Como foi demonstrado neste artigo, as ferramentas ARA, DDN e ARF, utilizadas no
plano da “Theory of Constraints”, são eficazes instrumentos na diagnose de “patologias
organizacionais”.
A partir de relatos de pessoas envolvidas no sistema em que se insere o CAq, bem
como do estudo do fluxo de obtenção do SAb, foi possível identificarmos os principais efeitos
indesejados atualmente existentes, e responder a questão de pesquisa proposta na introdução,
sugerindo ações que poderiam ser implementadas na tentativa de solucionar o conflito e
aperfeiçoar o processo.
Porém, a efetiva adoção das propostas elencadas neste trabalho, especialmente em
órgãos onde a cultura está tão rigidamente enraizada na estratégia, depende da
“desaprendizagem” parcial ou esquecimento da lógica dominante anterior (BETTIS e
PRAHALAD, 1995, apud MINTZBERG et al, 2000).

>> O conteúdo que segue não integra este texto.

(* Let $S$ be a ring with $1$ and $R$ a subring of $S$ with $1\in R$. Suppose there is a unit $x\in S$ such that $x+1$ is also a unit and $x^{-1}Rx=(x+1)^{-1}R(x+1)=R$. Then either $(x+1)^{-1}\in R$, or $I_{x+1}:=R\cap(x+1)R$ is an ideal of $R$ with $I_{x+1}\neq R$ and $x^{-1}ux-u\in I_{x+1}$ for all $u\in R$. *)

theory Defs
  imports "HOL-Algebra.Algebra"
begin

end

theory Submission
  imports Defs
begin

text \<open>Let \<open>y = x + 1\<close>. Conjugation by \<open>y\<close> preserves \<open>R\<close>, so \<open>z (y r) = y ((y\<inverse> z y) r)\<close> and
  \<open>R \<inter> yR\<close> is a two-sided ideal of \<open>R\<close>; it contains \<open>1\<close> only if \<open>y\<inverse> \<in> R\<close>. Writing
  \<open>w = x\<inverse> u x\<close>, we have \<open>xw = ux\<close>, and adding \<open>w - u\<close> to both sides gives
  \<open>w - u = yw - uy = y (w - y\<inverse> u y)\<close>, an element of \<open>R \<inter> yR\<close>.\<close>

lemma (in ring) conj_diff_eq_mult_conj_diff:
  assumes x: "x \<in> Units R" and y: "x \<oplus> \<one> \<in> Units R" and u: "u \<in> carrier R"
  shows "inv x \<otimes> u \<otimes> x \<ominus> u
    = (x \<oplus> \<one>) \<otimes> (inv x \<otimes> u \<otimes> x \<ominus> inv (x \<oplus> \<one>) \<otimes> u \<otimes> (x \<oplus> \<one>))"
proof -
  define w where "w = inv x \<otimes> u \<otimes> x"
  have xc: "x \<in> carrier R" "inv x \<in> carrier R" using x by auto
  have yc: "x \<oplus> \<one> \<in> carrier R" "inv (x \<oplus> \<one>) \<in> carrier R" using y by auto
  have wc: "w \<in> carrier R" using w_def xc u by simp
  have xw: "x \<otimes> w = u \<otimes> x"
    using x xc u by (simp add: w_def m_assoc[symmetric])
  have yu': "(x \<oplus> \<one>) \<otimes> (inv (x \<oplus> \<one>) \<otimes> u \<otimes> (x \<oplus> \<one>)) = u \<otimes> (x \<oplus> \<one>)"
    using y yc u by (simp add: m_assoc[symmetric])
  have "(x \<oplus> \<one>) \<otimes> (w \<ominus> inv (x \<oplus> \<one>) \<otimes> u \<otimes> (x \<oplus> \<one>))
      = (x \<otimes> w \<oplus> w) \<ominus> (u \<otimes> x \<oplus> u)"
    using xc yc wc u yu' by (simp add: minus_eq r_distr r_minus l_distr)
  also have "\<dots> = w \<ominus> u"
    using xc wc u xw by (simp add: a_minus_def minus_add a_ac r_neg r_neg2)
  finally show ?thesis by (simp add: w_def)
qed

lemma (in ring) add_subgroup_subring_inter_mult:
  assumes K: "subring K R" and y: "y \<in> carrier R"
  shows "subgroup (K \<inter> {y \<otimes> k | k. k \<in> K}) (add_monoid R)"
proof (rule add.subgroupI)
  have KR: "K \<subseteq> carrier R" using subringE(1)[OF K] .
  show "K \<inter> {y \<otimes> k | k. k \<in> K} \<subseteq> carrier R" using KR by auto
  have "\<zero> = y \<otimes> \<zero>" "\<zero> \<in> K" using y subringE(2)[OF K] by simp_all
  then show "K \<inter> {y \<otimes> k | k. k \<in> K} \<noteq> {}" by blast
next
  fix a assume "a \<in> K \<inter> {y \<otimes> k | k. k \<in> K}"
  then obtain k where k: "k \<in> K" "a = y \<otimes> k" "a \<in> K" by blast
  have "\<ominus> a = y \<otimes> (\<ominus> k)" using k y subringE(1)[OF K] by (simp add: r_minus subsetD)
  moreover have "\<ominus> a \<in> K" "\<ominus> k \<in> K" using k subringE(5)[OF K] by simp_all
  ultimately show "\<ominus> a \<in> K \<inter> {y \<otimes> k | k. k \<in> K}" by blast
next
  fix a b assume "a \<in> K \<inter> {y \<otimes> k | k. k \<in> K}" "b \<in> K \<inter> {y \<otimes> k | k. k \<in> K}"
  then obtain k l where kl: "k \<in> K" "a = y \<otimes> k" "a \<in> K" "l \<in> K" "b = y \<otimes> l" "b \<in> K"
    by blast
  have "a \<oplus> b = y \<otimes> (k \<oplus> l)" using kl y subringE(1)[OF K] by (simp add: r_distr subsetD)
  moreover have "a \<oplus> b \<in> K" "k \<oplus> l \<in> K" using kl subringE(7)[OF K] by simp_all
  ultimately show "a \<oplus> b \<in> K \<inter> {y \<otimes> k | k. k \<in> K}" by blast
qed

lemma (in ring) ideal_subring_inter_unit_mult:
  assumes K: "subring K R" and y: "y \<in> Units R"
    and conj: "\<And>k. k \<in> K \<Longrightarrow> inv y \<otimes> k \<otimes> y \<in> K"
  shows "ideal (K \<inter> {y \<otimes> k | k. k \<in> K}) (R\<lparr>carrier := K\<rparr>)"
proof -
  let ?I = "K \<inter> {y \<otimes> k | k. k \<in> K}"
  have KR: "K \<subseteq> carrier R" using subringE(1)[OF K] .
  have yc: "y \<in> carrier R" "inv y \<in> carrier R" using y by auto
  have "subgroup ?I ((add_monoid R)\<lparr>carrier := K\<rparr>)"
    using add.subgroup_incl[OF add_subgroup_subring_inter_mult[OF K yc(1)]]
      subring.axioms(1)[OF K] by auto
  then show ?thesis
  proof (intro idealI subring_is_ring[OF K])
    fix a z assume a: "a \<in> ?I" and "z \<in> carrier (R\<lparr>carrier := K\<rparr>)"
    then have z: "z \<in> K" by simp
    obtain k where k: "k \<in> K" "a = y \<otimes> k" using a by blast
    have zc: "z \<in> carrier R" and kc: "k \<in> carrier R" using z k KR by auto
    have "y \<otimes> ((inv y \<otimes> z \<otimes> y) \<otimes> k) = (y \<otimes> inv y) \<otimes> z \<otimes> (y \<otimes> k)"
      using yc zc kc by (simp add: m_assoc)
    also have "\<dots> = z \<otimes> a" using y zc yc kc k by simp
    finally have "z \<otimes> a = y \<otimes> ((inv y \<otimes> z \<otimes> y) \<otimes> k)" by simp
    moreover have "z \<otimes> a \<in> K" using a z subringE(6)[OF K] by blast
    moreover have "(inv y \<otimes> z \<otimes> y) \<otimes> k \<in> K" using conj z k subringE(6)[OF K] by blast
    ultimately show "z \<otimes>\<^bsub>R\<lparr>carrier := K\<rparr>\<^esub> a \<in> ?I" by auto
  next
    fix a z assume a: "a \<in> ?I" and "z \<in> carrier (R\<lparr>carrier := K\<rparr>)"
    then have z: "z \<in> K" by simp
    obtain k where k: "k \<in> K" "a = y \<otimes> k" using a by blast
    have zc: "z \<in> carrier R" and kc: "k \<in> carrier R" using z k KR by auto
    have "a \<otimes> z = y \<otimes> (k \<otimes> z)" using k zc kc yc by (simp add: m_assoc)
    moreover have "a \<otimes> z \<in> K" using a z subringE(6)[OF K] by blast
    moreover have "k \<otimes> z \<in> K" using k z subringE(6)[OF K] by blast
    ultimately show "a \<otimes>\<^bsub>R\<lparr>carrier := K\<rparr>\<^esub> z \<in> ?I" by auto
  qed simp
qed

lemma (in ring) subring_inter_unit_mult_neq:
  assumes K: "subring K R" and y: "y \<in> Units R" and "inv y \<notin> K"
  shows "K \<inter> {y \<otimes> k | k. k \<in> K} \<noteq> K"
proof
  assume "K \<inter> {y \<otimes> k | k. k \<in> K} = K"
  then obtain k where k: "k \<in> K" "\<one> = y \<otimes> k" using subringE(3)[OF K] by blast
  have "inv y = inv y \<otimes> (y \<otimes> k)" using k(2)[symmetric] y by simp
  also have "\<dots> = k"
    using y subsetD[OF subringE(1)[OF K] k(1)] by (simp add: m_assoc[symmetric] Units_closed)
  finally show False using k \<open>inv y \<notin> K\<close> by simp
qed

theorem lemma2p4:
  fixes S (structure) and R :: "'a set" and x :: 'a
  assumes "ring S"
    and "subring R S"
    and "x \<in> Units S"
    and "x \<oplus> \<one> \<in> Units S"
    and "(\<lambda>r. inv x \<otimes> r \<otimes> x) ` R = R"
    and "(\<lambda>r. inv (x \<oplus> \<one>) \<otimes> r \<otimes> (x \<oplus> \<one>)) ` R = R"
  shows "inv (x \<oplus> \<one>) \<in> R \<or>
    (ideal (R \<inter> {(x \<oplus> \<one>) \<otimes> r | r. r \<in> R}) (S\<lparr>carrier := R\<rparr>)
     \<and> R \<inter> {(x \<oplus> \<one>) \<otimes> r | r. r \<in> R} \<noteq> R
     \<and> (\<forall>u\<in>R. inv x \<otimes> u \<otimes> x \<ominus> u \<in> R \<inter> {(x \<oplus> \<one>) \<otimes> r | r. r \<in> R}))"
proof -
  interpret ring S by fact
  have conj_x: "inv x \<otimes> u \<otimes> x \<in> R" if "u \<in> R" for u
    using assms(5) that by blast
  have conj_y: "inv (x \<oplus> \<one>) \<otimes> u \<otimes> (x \<oplus> \<one>) \<in> R" if "u \<in> R" for u
    using assms(6) that by blast
  have "inv x \<otimes> u \<otimes> x \<ominus> u \<in> R \<inter> {(x \<oplus> \<one>) \<otimes> r | r. r \<in> R}" if u: "u \<in> R" for u
  proof -
    have "inv x \<otimes> u \<otimes> x \<ominus> u \<in> R"
      "inv x \<otimes> u \<otimes> x \<ominus> inv (x \<oplus> \<one>) \<otimes> u \<otimes> (x \<oplus> \<one>) \<in> R"
      using u conj_x conj_y subringE(5,7)[OF assms(2)] by (simp_all add: a_minus_def)
    moreover have "u \<in> carrier S" using u subringE(1)[OF assms(2)] by blast
    ultimately show ?thesis
      using conj_diff_eq_mult_conj_diff[OF assms(3,4)] by blast
  qed
  then show ?thesis
    using ideal_subring_inter_unit_mult[OF assms(2,4) conj_y]
      subring_inter_unit_mult_neq[OF assms(2,4)] by blast
qed

end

Devemos ter em mente que, não obstantes os aspectos culturais, segundo a escola
ambiental de estratégia, a organização precisa responder às forças do meio externo,
adaptando-se às mudanças, sob pena de ser “eliminada”. Ainda, embora algumas das decisões
em nível estratégico sejam discricionárias, , “a liderança torna-se um elemento passivo para
fins de ler o ambiente e garantir uma adaptação adequada pela organização” (MINTZBERG et
al, 2000).
Tendo em vista a versatilidade das possíveis aplicações do Processo de Raciocínio da
TOC, sugerimos a realização de novos estudos aplicando este método, inclusive considerando
o seu uso também em sistemas atípicos.